# Pups in SAN ANTONIO



## PrincessWolford (Jun 3, 2013)

If there is anyone on here in San Antonio, tx, I am looking for homes for our little pups! I don't want to give them to a feeding store. I just lost one of the fathers due to old age, so I can't bring myself to do that, ever. PLEASE LET ME KNOW IF YOU ARE INTERESTED. They will be born within the week, so in 6 weeks I need homes for most of my lil grandpups!! I am keeping two boys and one girl, but will keep you up to date on what else is available! 








This is Monty, he just passed away. He almost got to see his little pups born.









This is Sandy she is carrying Monty's pups.









This is my hubby's rat, Whopper! He was actually Monty's father. 

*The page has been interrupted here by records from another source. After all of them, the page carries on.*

sublocale markov_kernel_R2 P
proof
  have "(\<lambda>x. noise_kernel (h x)) \<in> borel \<rightarrow>\<^sub>M prob_algebra borel" by measurable
  then show "P \<in> borel \<rightarrow>\<^sub>M prob_algebra borel" by (simp add: P_eq[abs_def])
qed

definition V :: "real \<times> real \<Rightarrow> real" where
  "V x = \<bar>fst x\<bar> + (\<bar>\<psi>2\<bar> + 1) * \<bar>snd x\<bar>"

definition \<gamma> :: real where
  "\<gamma> = max \<bar>\<psi>1\<bar> (\<bar>\<psi>2\<bar> / (\<bar>\<psi>2\<bar> + 1))"

definition K :: real where
  "K = B + (\<bar>\<psi>2\<bar> + 2) * (\<integral>e. \<bar>e\<bar> \<partial>D)"

lemma V_measurable[measurable]: "V \<in> borel_measurable borel"
  unfolding V_def by (intro borel_measurable_continuous_onI continuous_intros)

lemma V_nonneg: "0 \<le> V x"
  by (simp add: V_def add_nonneg_nonneg)

lemma h_bound: "\<bar>h x\<bar> \<le> \<gamma> * V x + B"
proof -
  have "\<bar>\<psi>1 * fst x\<bar> \<le> \<gamma> * \<bar>fst x\<bar>"
    by (simp add: abs_mult \<gamma>_def mult_right_mono)
  moreover have "\<bar>\<psi>2 * snd x\<bar> \<le> \<gamma> * ((\<bar>\<psi>2\<bar> + 1) * \<bar>snd x\<bar>)"
  proof -
    have "\<bar>\<psi>2 * snd x\<bar> = \<bar>\<psi>2\<bar> / (\<bar>\<psi>2\<bar> + 1) * ((\<bar>\<psi>2\<bar> + 1) * \<bar>snd x\<bar>)"
      by (simp add: abs_mult add_nonneg_pos)
    also have "\<dots> \<le> \<gamma> * ((\<bar>\<psi>2\<bar> + 1) * \<bar>snd x\<bar>)"
      by (intro mult_right_mono) (auto simp: \<gamma>_def)
    finally show ?thesis .
  qed
  moreover have "\<bar>h x\<bar> \<le> \<bar>\<psi>1 * fst x\<bar> + \<bar>\<psi>2 * snd x\<bar> + \<bar>g (fst x) (snd x)\<bar>"
    unfolding h_def by linarith
  ultimately show ?thesis
    using g_bound[of "fst x" "snd x"] by (simp add: V_def algebra_simps)
qed

lemma drift: "(\<integral>\<^sup>+y. V y \<partial>P x) \<le> ennreal (\<gamma> * V x + K)"
proof -
  interpret prob_space D by (rule D_prob)
  have "(\<integral>\<^sup>+y. V y \<partial>P x) = (\<integral>\<^sup>+e. V (h x + e, e) \<partial>D)"
    by (simp add: P_eq nn_integral_noise_kernel)
  also have "\<dots> \<le> (\<integral>\<^sup>+e. ennreal (\<bar>h x\<bar> + (\<bar>\<psi>2\<bar> + 2) * \<bar>e\<bar>) \<partial>D)"
    by (intro nn_integral_mono ennreal_leI) (simp add: V_def algebra_simps abs_triangle_ineq)
  also have "\<dots> = ennreal (\<bar>h x\<bar> + (\<bar>\<psi>2\<bar> + 2) * (\<integral>e. \<bar>e\<bar> \<partial>D))"
    using eps_mean by (subst nn_integral_eq_integral) (auto simp: prob_space)
  also have "\<dots> \<le> ennreal (\<gamma> * V x + K)"
    using h_bound[of x] by (intro ennreal_leI) (simp add: K_def)
  finally show ?thesis .
qed
lemma rep_parent_in_nodes:
  assumes inv: "lct_inv s" and rp: "rep_parent s v = Some u"
  shows "u \<in> nodes s"
proof -
  obtain t where t: "t \<in> trees s" and e: "(u, v) \<in> tree_edges (pp s) t"
    using rp rep_parent_eq_Some_iff[OF wf_paths_trees[OF inv]] unfolding forest_edges_def by blast
  show ?thesis
  proof (cases "(u, v) \<in> path_edges (inorder t)")
    case True
    then show ?thesis using t path_edgesD[OF True] unfolding nodes_def by auto
  next
    case False
    then have "pp s (head t) = Some u" using e unfolding tree_edges_def pp_edges_def by auto
    then show ?thesis by (rule path_parent_in_nodes[OF inv t])
  qed
qed

definition same_forest :: "'a lct \<Rightarrow> 'a lct \<Rightarrow> bool" where
  "same_forest s s' \<longleftrightarrow> lct_inv s' \<and> nodes s' = nodes s \<and> rep_parent s' = rep_parent s"

lemma same_forestD:
  assumes "same_forest s s'"
  shows "lct_inv s'" and "nodes s' = nodes s" and "rep_parent s' = rep_parent s"
  using assms unfolding same_forest_def by simp_all

lemma same_forest_trans: "same_forest s s1 \<Longrightarrow> same_forest s1 s2 \<Longrightarrow> same_forest s s2"
  unfolding same_forest_def by simp

lemma same_forest_parent_rel: "same_forest s s' \<Longrightarrow> parent_rel s' = parent_rel s"
  unfolding same_forest_def parent_rel_def by simp

lemma same_forest_diam_le: "same_forest s s' \<Longrightarrow> diam_le s' D \<longleftrightarrow> diam_le s D"
  unfolding same_forest_def diam_le_def adj_def by simp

And this is my baby girl Heidi! She has the biggest little belly now! 


Sent from Petguide.com Free App


----------



## cagedbirdsinging (May 28, 2012)

Was this an intentional litter?


----------



## PrincessWolford (Jun 3, 2013)

Yes both were planned for. 


Sent from Petguide.com Free App


----------



## cagedbirdsinging (May 28, 2012)

Please re-read the rules that you agreed to when registering for this forum.

We do not allow the discussion of intentional breeding in any form, nor is this forum the place to advertise homes for intentional litters.

http://www.ratforum.com/showthread....-Rules-READ-BEFORE-POSTING-Updated-12-04-2012


----------